The political appetite for legislation in Ireland is difficult to detect. This reporter’s queries to the majority of party press offices on the subject for the purposes of this article went unanswered. Advocates to whom I spoke encouraged contact with more minor left-wing parties, like People Before Profit. But even that party was just “working on a position internally”, it said.
“Once we get that position, it will be presented to the membership of the party to agree on it,” said one of its councillors, Madeleine Johansson. “Sometimes, mainstream parties don’t tackle issues they think of as divisive. Smaller parties like ourselves pushed the Eighth to the front, we were always clear on our position on that.”
Johansson said she thought the “political establishment” was slow to reflect societal change.

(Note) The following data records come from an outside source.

(* Let $G=(V,E)$ be a finite simple graph and let $x$ be a maximum cost construction sequence for $G$ (i.e. $\nu(x)=\nu^*(G)$). If $(v_1,\dots,v_n)$ is the order in which the vertices of $G$ appear in $x$, then $\deg(v_i)\ge\deg(v_{i+1})$ for all $1\le i<n$.
   Context: For a finite simple graph $G=(V,E)$ with $\ell=|V|+|E|$, a construction sequence (c-sequence) is a bijection $x:\{1,\dots,\ell\}\to V\sqcup E$ such that every edge $e=uw$ satisfies $x^{-1}(e)>\max\{x^{-1}(u),x^{-1}(w)\}$. The cost of $x$ is $\nu(x)=\sum_{e=uw\in E}\big(2x^{-1}(e)-x^{-1}(u)-x^{-1}(w)\big)$, and $\nu^*(G)$ is the maximum of $\nu(x)$ over all c-sequences for $G$. *)

theory Defs
  imports Main
begin

definition simple_graph :: "'a set \<Rightarrow> 'a set set \<Rightarrow> bool" where
  "simple_graph V E \<longleftrightarrow> finite V \<and> (\<forall>e\<in>E. e \<subseteq> V \<and> card e = 2)"

definition degree :: "'a set set \<Rightarrow> 'a \<Rightarrow> nat" where
  "degree E v = card {e\<in>E. v \<in> e}"

(* A c-sequence x : {1..l} -> V \<sqcup> E is represented by its inverse
   pos = x^{-1} : V \<sqcup> E -> {1..l}, a bijection. *)
definition c_sequence :: "'a set \<Rightarrow> 'a set set \<Rightarrow> ('a + 'a set \<Rightarrow> nat) \<Rightarrow> bool" where
  "c_sequence V E pos \<longleftrightarrow>
     bij_betw pos (V <+> E) {1..card V + card E} \<and>
     (\<forall>e\<in>E. \<forall>u\<in>e. pos (Inl u) < pos (Inr e))"

definition cost :: "'a set set \<Rightarrow> ('a + 'a set \<Rightarrow> nat) \<Rightarrow> int" where
  "cost E pos = (\<Sum>e\<in>E. 2 * int (pos (Inr e)) - (\<Sum>u\<in>e. int (pos (Inl u))))"

definition max_cost :: "'a set \<Rightarrow> 'a set set \<Rightarrow> int" where
  "max_cost V E = Max {cost E pos | pos. c_sequence V E pos}"

end

theory Submission
  imports Defs
begin

text \<open>Let \<open>u\<close> and \<open>w\<close> sit at positions \<open>p < q\<close> with no vertex in between. Moving \<open>w\<close> to
  position \<open>p\<close> and shifting everything at positions \<open>p, \<dots>, q - 1\<close> one step later yields
  again a c-sequence, because edges at positions before \<open>q\<close> never contain \<open>w\<close>. Edges only
  move later, \<open>u\<close> moves one step later and \<open>w\<close> at least one step earlier, so the cost grows
  by at least \<open>deg w - deg u\<close>. Maximality therefore forces \<open>deg w \<le> deg u\<close>.\<close>

lemma simple_graph_finite_edges:
  assumes "simple_graph V E"
  shows "finite E"
  using assms unfolding simple_graph_def
  by (meson Pow_iff finite_Pow_iff finite_subset subsetI)

lemma c_sequence_pos_bounds:
  assumes "c_sequence V E pos" and "a \<in> V <+> E"
  shows "1 \<le> pos a" and "pos a \<le> card V + card E"
  using bij_betw_apply[of pos "V <+> E" "{1..card V + card E}" a] assms
  unfolding c_sequence_def by auto

lemma abs_cost_le:
  assumes "simple_graph V E" and "c_sequence V E pos"
  shows "\<bar>cost E pos\<bar> \<le> int (card E) * (2 * int (card V + card E))"
proof -
  let ?N = "int (card V + card E)"
  have edge_term: "\<bar>2 * int (pos (Inr e)) - (\<Sum>x\<in>e. int (pos (Inl x)))\<bar> \<le> 2 * ?N"
    if e: "e \<in> E" for e
  proof -
    have "e \<subseteq> V" and "card e = 2" using assms(1) e unfolding simple_graph_def by auto
    then have "(\<Sum>x\<in>e. int (pos (Inl x))) \<le> 2 * ?N"
      using sum_bounded_above[of e "\<lambda>x. int (pos (Inl x))" ?N]
        c_sequence_pos_bounds(2)[OF assms(2)] by fastforce
    moreover have "int (pos (Inr e)) \<le> ?N"
      using c_sequence_pos_bounds(2)[OF assms(2) InrI[OF e]] by simp
    moreover have "0 \<le> (\<Sum>x\<in>e. int (pos (Inl x)))" by (simp add: sum_nonneg)
    ultimately show ?thesis by (simp add: abs_le_iff)
  qed
  have "\<bar>cost E pos\<bar> \<le> (\<Sum>e\<in>E. \<bar>2 * int (pos (Inr e)) - (\<Sum>x\<in>e. int (pos (Inl x)))\<bar>)"
    unfolding cost_def by (rule sum_abs)
  also have "\<dots> \<le> int (card E) * (2 * ?N)"
    using sum_bounded_above[of E _ "2 * ?N"] edge_term by simp
  finally show ?thesis .
qed

lemma cost_le_max_cost:
  assumes "simple_graph V E" and "c_sequence V E pos"
  shows "cost E pos \<le> max_cost V E"
proof -
  define M where "M = int (card E) * (2 * int (card V + card E))"
  have "{cost E g | g. c_sequence V E g} \<subseteq> {-M..M}"
    using abs_cost_le[OF assms(1)] unfolding M_def by (fastforce simp: abs_le_iff)
  then have "finite {cost E g | g. c_sequence V E g}"
    using finite_subset by blast
  then show ?thesis
    unfolding max_cost_def using assms(2) by (auto intro: Max_ge)
qed

lemma cost_diff:
  "cost E f - cost E g =
     (\<Sum>e\<in>E. 2 * (int (f (Inr e)) - int (g (Inr e)))
              - (\<Sum>x\<in>e. int (f (Inl x)) - int (g (Inl x))))"
  unfolding cost_def sum_subtractf[symmetric] by (intro sum.cong refl) (simp add: sum_subtractf)

lemma int_degree_eq_sum:
  assumes "finite E"
  shows "int (degree E v) = (\<Sum>e\<in>E. if v \<in> e then 1 else 0)"
  unfolding degree_def using assms by (simp add: sum.If_cases Int_def)

definition move_to :: "nat \<Rightarrow> nat \<Rightarrow> nat \<Rightarrow> nat" where
  "move_to p q i = (if i = q then p else if p \<le> i \<and> i < q then i + 1 else i)"

lemma bij_betw_move_to:
  assumes "1 \<le> p" and "p < q" and "q \<le> N"
  shows "bij_betw (move_to p q) {1..N} {1..N}"
proof -
  have "inj_on (move_to p q) {1..N}"
    unfolding inj_on_def move_to_def using assms(2) by auto
  moreover have "move_to p q ` {1..N} \<subseteq> {1..N}"
    unfolding move_to_def using assms by auto
  ultimately show ?thesis
    unfolding bij_betw_def using endo_inj_surj[of "{1..N}"] by simp
qed

lemma move_to_strict_mono:
  assumes "p < q" and "i < j" and "j \<noteq> q"
  shows "move_to p q i < move_to p q j"
  using assms unfolding move_to_def by auto

lemma le_move_to:
  assumes "i \<noteq> q"
  shows "i \<le> move_to p q i"
  using assms unfolding move_to_def by auto

lemma c_sequence_move_to:
  assumes cs: "c_sequence V E pos" and w: "w \<in> V"
    and "1 \<le> p" and "p < pos (Inl w)"
  shows "c_sequence V E (move_to p (pos (Inl w)) \<circ> pos)"
  unfolding c_sequence_def
proof (intro conjI ballI)
  let ?N = "card V + card E" and ?q = "pos (Inl w)"
  have bij: "bij_betw pos (V <+> E) {1..?N}" using cs unfolding c_sequence_def by simp
  moreover have "bij_betw (move_to p ?q) {1..?N} {1..?N}"
    using bij_betw_move_to[OF assms(3,4) c_sequence_pos_bounds(2)[OF cs InlI[OF w]]] .
  ultimately show "bij_betw (move_to p ?q \<circ> pos) (V <+> E) {1..?N}"
    by (rule bij_betw_trans)
  fix e z assume e: "e \<in> E" and z: "z \<in> e"
  have "pos (Inr e) \<noteq> ?q"
    using bij_betw_imp_inj_on[OF bij] e w by (metis InlI InrI inj_onD sum.distinct(2))
  then show "(move_to p ?q \<circ> pos) (Inl z) < (move_to p ?q \<circ> pos) (Inr e)"
    using cs e z assms(4) unfolding c_sequence_def by (simp add: move_to_strict_mono)
qed

lemma cost_move_to_ge:
  assumes sg: "simple_graph V E" and cs: "c_sequence V E pos"
    and u: "u \<in> V" and w: "w \<in> V" and uw: "pos (Inl u) < pos (Inl w)"
    and adjacent: "\<not> (\<exists>z\<in>V. pos (Inl u) < pos (Inl z) \<and> pos (Inl z) < pos (Inl w))"
  shows "cost E pos + int (degree E w) - int (degree E u)
           \<le> cost E (move_to (pos (Inl u)) (pos (Inl w)) \<circ> pos)"
proof -
  let ?pos' = "move_to (pos (Inl u)) (pos (Inl w)) \<circ> pos"
  define shift where "shift a = int (?pos' a) - int (pos a)" for a
  have inj: "inj_on pos (V <+> E)"
    using cs bij_betw_imp_inj_on unfolding c_sequence_def by blast
  have vertex_shift: "shift (Inl x) \<le> (if x = u then 1 else 0) - (if x = w then 1 else 0)"
    if x: "x \<in> V" for x
  proof -
    have "pos (Inl x) = pos (Inl u) \<longleftrightarrow> x = u" and "pos (Inl x) = pos (Inl w) \<longleftrightarrow> x = w"
      using inj_onD[OF inj] x u w by blast+
    then show ?thesis
      using adjacent x uw unfolding shift_def move_to_def by auto
  qed
  have edge_shift: "0 \<le> shift (Inr e)" if e: "e \<in> E" for e
  proof -
    have "pos (Inr e) \<noteq> pos (Inl w)"
      using inj_onD[OF inj] e w by (metis InlI InrI sum.distinct(2))
    then show ?thesis unfolding shift_def by (simp add: le_move_to)
  qed
  have edge_term: "(if w \<in> e then 1 else 0) - (if u \<in> e then 1 else 0)
                     \<le> 2 * shift (Inr e) - (\<Sum>x\<in>e. shift (Inl x))"
    if e: "e \<in> E" for e
  proof -
    have "e \<subseteq> V" and "finite e"
      using sg e unfolding simple_graph_def by (auto intro: card_ge_0_finite)
    then have "(\<Sum>x\<in>e. shift (Inl x))
                 \<le> (\<Sum>x\<in>e. (if x = u then 1 else 0) - (if x = w then 1 else 0))"
      by (intro sum_mono vertex_shift) auto
    also have "\<dots> = (if u \<in> e then 1 else 0) - (if w \<in> e then 1 else 0)"
      using \<open>finite e\<close> by (simp add: sum_subtractf)
    finally show ?thesis using edge_shift[OF e] by linarith
  qed
  have "int (degree E w) - int (degree E u)
          = (\<Sum>e\<in>E. (if w \<in> e then 1 else 0) - (if u \<in> e then 1 else 0))"
    using simple_graph_finite_edges[OF sg] by (simp add: int_degree_eq_sum sum_subtractf)
  also have "\<dots> \<le> (\<Sum>e\<in>E. 2 * shift (Inr e) - (\<Sum>x\<in>e. shift (Inl x)))"
    by (intro sum_mono edge_term)
  also have "\<dots> = cost E ?pos' - cost E pos"
    unfolding cost_diff shift_def ..
  finally show ?thesis by linarith
qed

theorem lemma3:
  fixes V :: "'a set" and E :: "'a set set" and pos :: "'a + 'a set \<Rightarrow> nat"
  assumes "simple_graph V E"
    and "c_sequence V E pos"
    and "cost E pos = max_cost V E"
    and "u \<in> V" and "w \<in> V"
    and "pos (Inl u) < pos (Inl w)"
    and "\<not> (\<exists>z\<in>V. pos (Inl u) < pos (Inl z) \<and> pos (Inl z) < pos (Inl w))"
  shows "degree E u \<ge> degree E w"
proof -
  let ?pos' = "move_to (pos (Inl u)) (pos (Inl w)) \<circ> pos"
  have "1 \<le> pos (Inl u)"
    using c_sequence_pos_bounds(1)[OF assms(2) InlI[OF assms(4)]] .
  then have "c_sequence V E ?pos'"
    using c_sequence_move_to[OF assms(2,5)] assms(6) by simp
  then have "cost E ?pos' \<le> cost E pos"
    using cost_le_max_cost[OF assms(1)] assms(3) by simp
  moreover have "cost E pos + int (degree E w) - int (degree E u) \<le> cost E ?pos'"
    using cost_move_to_ge[OF assms(1,2,4-7)] .
  ultimately show ?thesis by linarith
qed

end
lemma theta_arcs_split_inside:
  fixes g1 g2 g3 :: "real \<Rightarrow> complex"
  assumes theta: "theta_arcs g1 g2 g3 a b"
    and inner: "arc_interior g3 \<subseteq> inside (path_image g1 \<union> path_image g2)"
  shows "inside (path_image g1 \<union> path_image g3) \<inter> inside (path_image g2 \<union> path_image g3) = {}"
    and "inside (path_image g1 \<union> path_image g3) \<union> inside (path_image g2 \<union> path_image g3) \<union>
           arc_interior g3 = inside (path_image g1 \<union> path_image g2)"
proof -
  from theta have arcs: "arc g1" "arc g2" "arc g3"
    and ends: "pathstart g1 = a" "pathfinish g1 = b" "pathstart g2 = a" "pathfinish g2 = b"
      "pathstart g3 = a" "pathfinish g3 = b"
    and meet: "path_image g1 \<inter> path_image g2 = {a, b}" "path_image g1 \<inter> path_image g3 = {a, b}"
      "path_image g2 \<inter> path_image g3 = {a, b}"
    by (simp_all add: theta_arcs_def)
  have "a \<noteq> b"
    using arc_distinct_ends[OF arcs(1)] ends by simp
  have "arc_interior g3 \<subseteq> path_image g3 \<inter> inside (path_image g1 \<union> path_image g2)"
    using inner arc_interior_subset by blast
  then have "path_image g3 \<inter> inside (path_image g1 \<union> path_image g2) \<noteq> {}"
    using arc_interior_nonempty[OF arcs(3)] by blast
  then obtain disj: "inside (path_image g1 \<union> path_image g3) \<inter> inside (path_image g2 \<union> path_image g3) = {}"
    and union: "inside (path_image g1 \<union> path_image g3) \<union> inside (path_image g2 \<union> path_image g3) \<union>
                  (path_image g3 - {a, b}) = inside (path_image g1 \<union> path_image g2)"
    by (rule split_inside_simple_closed_curve[OF arc_imp_simple_path[OF arcs(1)] ends(1,2)
          arc_imp_simple_path[OF arcs(2)] ends(3,4) arc_imp_simple_path[OF arcs(3)] ends(5,6)
          \<open>a \<noteq> b\<close> meet])
  show "inside (path_image g1 \<union> path_image g3) \<inter> inside (path_image g2 \<union> path_image g3) = {}"
    by (rule disj)
  show "inside (path_image g1 \<union> path_image g3) \<union> inside (path_image g2 \<union> path_image g3) \<union>
          arc_interior g3 = inside (path_image g1 \<union> path_image g2)"
    using union ends(5,6) by (simp add: arc_interior_def)
qed

lemma theta_arcs_not_both_inside:
  fixes g1 g2 g3 :: "real \<Rightarrow> complex"
  assumes theta: "theta_arcs g1 g2 g3 a b"
    and inner: "arc_interior g3 \<subseteq> inside (path_image g1 \<union> path_image g2)"
    and D: "connected D" "D \<subseteq> inside (path_image g1 \<union> path_image g2)" "D \<inter> path_image g3 = {}"
    and x: "x \<in> closure D" "x \<in> arc_interior g1"
    and y: "y \<in> closure D" "y \<in> arc_interior g2"
  shows False
proof -
  define C12 where "C12 = path_image g1 \<union> path_image g2"
  define C13 where "C13 = path_image g1 \<union> path_image g3"
  define C23 where "C23 = path_image g2 \<union> path_image g3"
  note theta132 = theta_arcs_swap23[OF theta]
  note theta231 = theta_arcs_swap23[OF theta_arcs_swap12[OF theta]]
  note split = theta_arcs_split_inside[OF theta inner, folded C12_def C13_def C23_def]
  note closed13 = theta_arcs_Jordan(1)[OF theta132, folded C13_def]
  note closed23 = theta_arcs_Jordan(1)[OF theta231, folded C23_def]
  have "D \<subseteq> inside C13 \<union> inside C23"
    using D(2,3) split(2) arc_interior_subset[of g3] unfolding C12_def[symmetric] by blast
  with connectedD[OF D(1) open_inside[OF closed13] open_inside[OF closed23]] split(1)
  consider "D \<subseteq> inside C13" | "D \<subseteq> inside C23"
    by blast
  then show False
  proof cases
    case 1
    have "y \<notin> C13"
      using y(2) theta_arcs_arc_interior_disjoint[OF theta132] unfolding C13_def by blast
    then have "y \<in> inside C12"
      using closure_Diff_subset_inside[OF closed13 1] y(1) split(2) by blast
    moreover have "y \<in> C12"
      using y(2) arc_interior_subset[of g2] unfolding C12_def by blast
    ultimately show False
      using inside_no_overlap[of C12] by blast
  next
    case 2
    have "x \<notin> C23"
      using x(2) theta_arcs_arc_interior_disjoint[OF theta231] unfolding C23_def by blast
    then have "x \<in> inside C12"
      using closure_Diff_subset_inside[OF closed23 2] x(1) split(2) by blast
    moreover have "x \<in> C12"
      using x(2) arc_interior_subset[of g1] unfolding C12_def by blast
    ultimately show False
      using inside_no_overlap[of C12] by blast
  qed
qed
(* Let $r\ge4$ and $s\ge1$ be integers and consider the lexicographic product $C_r[K_s]$. If $H$ is a connected induced regular subgraph of $C_r[K_s]$ of degree $d$, then either (i) $H$ is a clique of order $d+1$, with $0\le d\le 2s-1$; or (ii) $r(d+1)/3$ is an integer, $2\le d\le 3s-1$, $H$ has order $r(d+1)/3$, and every vertex of $C_r[K_s]$ is adjacent to some vertex of $H$. Conversely, for every $d$ with $0\le d\le 2s-1$ there is a connected induced regular subgraph of degree $d$ of type (i), and for every $d$ with $2\le d\le 3s-1$ such that $r(d+1)/3$ is an integer there is a connected induced regular subgraph of degree $d$ of type (ii).
   Context: Graphs are finite and simple. $C_r$ is the cycle on $r$ vertices and $K_s$ the complete graph on $s$ vertices. The lexicographic product $G[H]$ has vertex set $V(G)\times V(H)$, with $(a,b)$ adjacent to $(a',b')$ iff $a$ is adjacent to $a'$ in $G$, or $a=a'$ and $b$ is adjacent to $b'$ in $H$. Thus $C_r[K_s]$ consists of $r$ cliques of order $s$ arranged cyclically, with all edges between cyclically consecutive cliques. A regular subgraph of degree $d$ is one in which every vertex has exactly $d$ neighbours in the subgraph. *)

theory Defs
  imports Main
begin

text \<open>The lexicographic product C_r[K_s]: vertices (i,j) with i < r (position on the
  cycle) and j < s (position inside the clique).\<close>

definition lex_verts :: "nat \<Rightarrow> nat \<Rightarrow> (nat \<times> nat) set" where
  "lex_verts r s = {0..<r} \<times> {0..<s}"

definition lex_adj :: "nat \<Rightarrow> nat \<times> nat \<Rightarrow> nat \<times> nat \<Rightarrow> bool" where
  "lex_adj r x y \<longleftrightarrow>
     (fst y = Suc (fst x) mod r \<or> fst x = Suc (fst y) mod r) \<or>
     (fst x = fst y \<and> snd x \<noteq> snd y)"

definition induced_connected :: "nat \<Rightarrow> (nat \<times> nat) set \<Rightarrow> bool" where
  "induced_connected r S \<longleftrightarrow> S \<noteq> {} \<and>
     (\<forall>x\<in>S. \<forall>y\<in>S. (\<lambda>u v. u \<in> S \<and> v \<in> S \<and> lex_adj r u v)\<^sup>*\<^sup>* x y)"

definition induced_regular :: "nat \<Rightarrow> (nat \<times> nat) set \<Rightarrow> nat \<Rightarrow> bool" where
  "induced_regular r S d \<longleftrightarrow> (\<forall>x\<in>S. card {y \<in> S. lex_adj r x y} = d)"

definition is_clique :: "nat \<Rightarrow> (nat \<times> nat) set \<Rightarrow> bool" where
  "is_clique r S \<longleftrightarrow> (\<forall>x\<in>S. \<forall>y\<in>S. x \<noteq> y \<longrightarrow> lex_adj r x y)"

definition dominates :: "nat \<Rightarrow> nat \<Rightarrow> (nat \<times> nat) set \<Rightarrow> bool" where
  "dominates r s S \<longleftrightarrow> (\<forall>v\<in>lex_verts r s. \<exists>u\<in>S. lex_adj r v u)"

end

theory Submission
  imports Defs "HOL-Number_Theory.Cong" "HOL-Computational_Algebra.Primes"
begin

text \<open>Write c_j for the number of vertices of H in the j-th clique ("layer") of C_r[K_s],
  indices taken mod r. A vertex in layer j+1 is adjacent to everything else in layers j, j+1,
  j+2, so d-regularity gives c_j + c_{j+1} + c_{j+2} = d + 1 whenever layer j+1 meets H.
  If three consecutive layers meet H, comparing consecutive equations gives c_{j+3} = c_j > 0,
  so every layer meets H; summing the equations over j gives 3|H| = r(d+1), and H dominates
  because every vertex is adjacent to the whole next layer. Otherwise no three consecutive
  layers are occupied, and connectivity traps H inside two consecutive layers, which makes it
  a clique of at most 2s vertices. For the converse, the layer sizes floor((d+1+t_j)/3) with
  t_j = (j mod r) mod 3 satisfy all the equations: if 3 divides r the three consecutive t_j
  are 0, 1, 2 in some order, and otherwise 3 divides d+1 and the sizes are constant.\<close>

definition layer :: "nat \<Rightarrow> (nat \<times> nat) set \<Rightarrow> nat \<Rightarrow> (nat \<times> nat) set" where
  "layer r S j = {y \<in> S. fst y = j mod r}"

lemma finite_subset_lex_verts: "S \<subseteq> lex_verts r s \<Longrightarrow> finite S"
  unfolding lex_verts_def by (blast intro: finite_subset finite_cartesian_product)

lemma finite_layer: "S \<subseteq> lex_verts r s \<Longrightarrow> finite (layer r S j)"
  unfolding layer_def by (simp add: finite_subset_lex_verts)

lemma card_layer_le:
  assumes "S \<subseteq> lex_verts r s"
  shows "card (layer r S j) \<le> s"
proof -
  have "layer r S j \<subseteq> {j mod r} \<times> {0..<s}"
    using assms by (auto simp: layer_def lex_verts_def)
  then have "card (layer r S j) \<le> card ({j mod r} \<times> {0..<s})"
    by (rule card_mono[rotated]) simp
  then show ?thesis by simp
qed

lemma mod_neq_add_mod:
  fixes j k r :: nat
  assumes "0 < k" "k < r"
  shows "j mod r \<noteq> (j + k) mod r"
proof
  assume "j mod r = (j + k) mod r"
  then have "r dvd k" using mod_eq_dvd_iff_nat[of j "j + k" r] by simp
  then show False using assms by (auto dest: dvd_imp_le)
qed

lemma Suc_mod_eq_Suc_mod_iff: "Suc a mod r = Suc b mod r \<longleftrightarrow> a mod r = b mod r"
  using cong_add_rcancel_nat[of a 1 b r] by (simp add: cong_def)

lemma not_lex_adj_self: "2 \<le> r \<Longrightarrow> fst x < r \<Longrightarrow> \<not> lex_adj r x x"
  using mod_neq_add_mod[of 1 r "fst x"] by (auto simp: lex_adj_def)

lemma lex_adj_iff_layers:
  assumes x: "fst x = Suc j mod r" and y: "fst y < r"
  shows "lex_adj r x y \<longleftrightarrow>
    fst y = j mod r \<or> fst y = Suc (Suc j) mod r \<or> (fst y = Suc j mod r \<and> y \<noteq> x)"
proof -
  have next_layer: "Suc (fst x) mod r = Suc (Suc j) mod r"
    using x by (metis mod_Suc_eq)
  have "Suc (fst y) mod r = Suc j mod r \<longleftrightarrow> fst y = j mod r"
    using y by (simp add: Suc_mod_eq_Suc_mod_iff)
  then have prev_layer: "fst x = Suc (fst y) mod r \<longleftrightarrow> fst y = j mod r"
    unfolding x by (rule eq_commute[THEN trans])
  have same_layer: "fst x = fst y \<and> snd x \<noteq> snd y \<longleftrightarrow> fst y = Suc j mod r \<and> y \<noteq> x"
    using x by (cases x, cases y) auto
  show ?thesis
    unfolding lex_adj_def next_layer prev_layer same_layer by blast
qed

lemma card_neighbours_eq_layers:
  assumes r: "3 \<le> r" and S: "S \<subseteq> lex_verts r s" and x: "x \<in> S" "fst x = Suc j mod r"
  shows "card {y \<in> S. lex_adj r x y} + 1 =
    card (layer r S j) + card (layer r S (Suc j)) + card (layer r S (Suc (Suc j)))"
proof -
  have "y \<in> insert x {y \<in> S. lex_adj r x y} \<longleftrightarrow>
      y \<in> layer r S j \<union> layer r S (Suc j) \<union> layer r S (Suc (Suc j))" for y
  proof (cases "y \<in> S")
    case True
    then have "fst y < r" using S by (auto simp: lex_verts_def)
    from lex_adj_iff_layers[OF x(2) this] show ?thesis using True x by (auto simp: layer_def)
  qed (use x in \<open>auto simp: layer_def\<close>)
  then have nbrs: "insert x {y \<in> S. lex_adj r x y} =
      layer r S j \<union> layer r S (Suc j) \<union> layer r S (Suc (Suc j))"
    by blast
  have "x \<notin> {y \<in> S. lex_adj r x y}"
    using not_lex_adj_self[of r x] r x S by (auto simp: lex_verts_def)
  moreover have "finite {y \<in> S. lex_adj r x y}"
    using finite_subset_lex_verts[OF S] by simp
  ultimately have "card {y \<in> S. lex_adj r x y} + 1 = card (insert x {y \<in> S. lex_adj r x y})"
    by simp
  also have "\<dots> = card (layer r S j) + card (layer r S (Suc j)) + card (layer r S (Suc (Suc j)))"
  proof -
    have "j mod r \<noteq> Suc j mod r" "j mod r \<noteq> Suc (Suc j) mod r" "Suc j mod r \<noteq> Suc (Suc j) mod r"
      using mod_neq_add_mod[of 1 r j] mod_neq_add_mod[of 2 r j] mod_neq_add_mod[of 1 r "Suc j"] r
      by simp_all
    then have "layer r S j \<inter> layer r S (Suc j) = {}"
      "(layer r S j \<union> layer r S (Suc j)) \<inter> layer r S (Suc (Suc j)) = {}"
      by (auto simp: layer_def)
    then show ?thesis
      unfolding nbrs using finite_layer[OF S] by (simp add: card_Un_disjoint)
  qed
  finally show ?thesis .
qed

lemma layer_sum_if_induced_regular:
  assumes r: "3 \<le> r" and S: "S \<subseteq> lex_verts r s" and reg: "induced_regular r S d"
    and "layer r S (Suc j) \<noteq> {}"
  shows "card (layer r S j) + card (layer r S (Suc j)) + card (layer r S (Suc (Suc j))) = d + 1"
proof -
  obtain x where x: "x \<in> S" "fst x = Suc j mod r"
    using assms(4) by (auto simp: layer_def)
  then have "card {y \<in> S. lex_adj r x y} = d"
    using reg unfolding induced_regular_def by blast
  then show ?thesis
    using card_neighbours_eq_layers[OF r S x] by simp
qed

lemma induced_regular_if_layer_sums:
  assumes r: "3 \<le> r" and S: "S \<subseteq> lex_verts r s"
    and sums: "\<And>j. card (layer r S j) + card (layer r S (Suc j)) + card (layer r S (Suc (Suc j))) = d + 1"
  shows "induced_regular r S d"
  unfolding induced_regular_def
proof
  fix x assume x: "x \<in> S"
  then have "fst x = Suc (fst x + r - 1) mod r"
    using r S by (auto simp: lex_verts_def)
  from card_neighbours_eq_layers[OF r S x this] sums[of "fst x + r - 1"]
  show "card {y \<in> S. lex_adj r x y} = d" by simp
qed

“Changing views on abortion had been going on for a long time, but the campaign afforded the space to talk about it,” she said. “Some people found their opinion slowly changing over its course.”
Graphic detail
In 1975, at the behest of his terminally ill wife Jean, an English journalist named Derek Humphry made her a mug of coffee that contained a fatal quantity of Seconal. She drank it and died at home in his company. She was 42.
Humphry later founded the Hemlock Association, an organisation central to the beginning of the right-to-die movement in the US. Membership of Hemlock (since dissolved) rose to almost 50,000 by the early 1990s.
Humphry, once described by The New York Times as “a man of restrained but not humourless mien”, has for years supported assisted suicide for the dying in a manner that is tenacious and scattershot, sometimes isolating less hardline supporters. The level of graphic detail contained in his 1991 book Final Exit affronted many medical ethicists.
Inquiries to Humphry’s websites notwithstanding, I was surprised to see the 88-year-old’s name appear in my inbox one evening. His reply offered only a list of relevant websites and the nations that had legalised assisted dying.
I immediately sent a response from my phone: “Thanks, Derek. Do you think Ireland is capable of legalising in the short to medium term?”
Humphry replied — from his own phone – in a fashion so simple as to make two weeks’ worth of reporting seem like a waste of time.
“Public opinion in all developed countries is swinging toward improved human rights,” he wrote. “The signs are that Ireland is moving towards allowing doctor-assisted suicide – of course surrounded by a body of safeguards against misuse.”